She pushed her phone under her pillow and did her best to fall back asleep, but she was up now. Wondering when James would text her with details for lunch.
She dragged herself out of bed and took a quick shower before she wondered downstairs and started putting together breakfast for herself and her mother.
The coffee had just finished brewing when Rose Evans walked down the stairs, still in her robe and slippers. "Oh, you really are an angel, aren't you?" She grinned, leaning over the counter to kiss Lily's cheek before she went about fixing her coffee.
"Yes," Lily nodded, flipping the eggs in the frying pan before she fetched the toast.
When they were both seated at the table, Rose smiled at her daughter. "So, do you have any plans for today?"
Lily knew that it probably wasn't there, but she thought she could hear something that sounded like disappointment. "Hopefully, I'll finish unpacking," Lily said. "I've got lunch with a friend and then I'll start looking for a job." Even saying that filled her with anxiety.
"You can just get something around here for now." Rose said, taking a sip of her coffee. "I don't want to lose you too quickly."
"Right," She nodded. "I might have to get something around here first anyway."
"What friend are you getting lunch with? Mary?"
"No, not Mary. She's in Ireland for at least the next four months. I did promise to go and visit her soon though."
"Who then?"
"Mary isn't my only friend, mum. I'm getting lunch with James," Lily shrugged. "We ran into each other yesterday."
"You didn't leave the house- your windows." Her mom nodded knowingly.

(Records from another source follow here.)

lemma positions_topd:
  "stack_of n G k s \<Longrightarrow> nonempty s \<Longrightarrow> k \<le> n \<Longrightarrow> e \<le> k \<Longrightarrow>
     positions (topd e s) = {x \<in> positions s. take (n - k + e) x = take (n - k + e) (top_pos k s)}"
proof (induct k arbitrary: s e)
  case 0 then show ?case using positions_take_top[of n G 0 s] by auto
next
  case (Suc k)
  show ?case
  proof (cases e)
    case 0 then show ?thesis using positions_take_top[of n G "Suc k" s] Suc.prems by auto
  next
    case (Suc e')
    obtain ss where s: "s = L ss" "ss \<noteq> []" using Suc.prems(1,2) by (cases s) auto
    have st: "stack_of n G (Suc k) (L ss)" using Suc.prems(1) s by simp
    have IH: "positions (topd e' (last ss)) =
        {x \<in> positions (last ss). take (n - k + e') x = take (n - k + e') (top_pos k (last ss))}"
      using Suc.hyps[of "last ss" e'] st s Suc.prems(3,4) \<open>e = Suc e'\<close> by simp
    let ?top = "take (n - k + e') (top_pos k (last ss))"
    have "x \<in> positions (last ss)" if "x \<in> positions (L ss)" "take (n - k + e') x = ?top" for x
    proof (rule positions_last_if_coord[OF st that(1)])
      have "x ! (n - Suc k) = top_pos k (last ss) ! (n - Suc k)"
        using nth_eq_if_take_eq[OF that(2)] Suc.prems(3) by simp
      then show "x ! (n - Suc k) = length ss" using top_pos_coord[OF st s(2)] by (simp add: top_pos_L)
    qed
    then have "{x \<in> positions (last ss). take (n - k + e') x = ?top} =
        {x \<in> positions (L ss). take (n - k + e') x = ?top}"
      using positions_last_subset[OF s(2)] by blast
    moreover have "n - Suc k + e = n - k + e'" using Suc.prems(3) \<open>e = Suc e'\<close> by simp
    ultimately show ?thesis using IH s \<open>e = Suc e'\<close> by (simp only: top_pos_L topd.simps)
  qed
qed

"Yeah. There wasn't any fighting though, so no need to call his mum to apologize on my behalf."
"I never called Mia to apologize for you arguing with her son. We called to each other to gossip about the things we heard you shouting at one another. You really did have a tough time getting along with that boy growing up. I'm glad that you two decided to give being civil a go."
"Yeah well, I was almost uncivil, but I decided to be a grown up instead."
"Good, I'm proud of you." Lily smirked at her mother and shook her head.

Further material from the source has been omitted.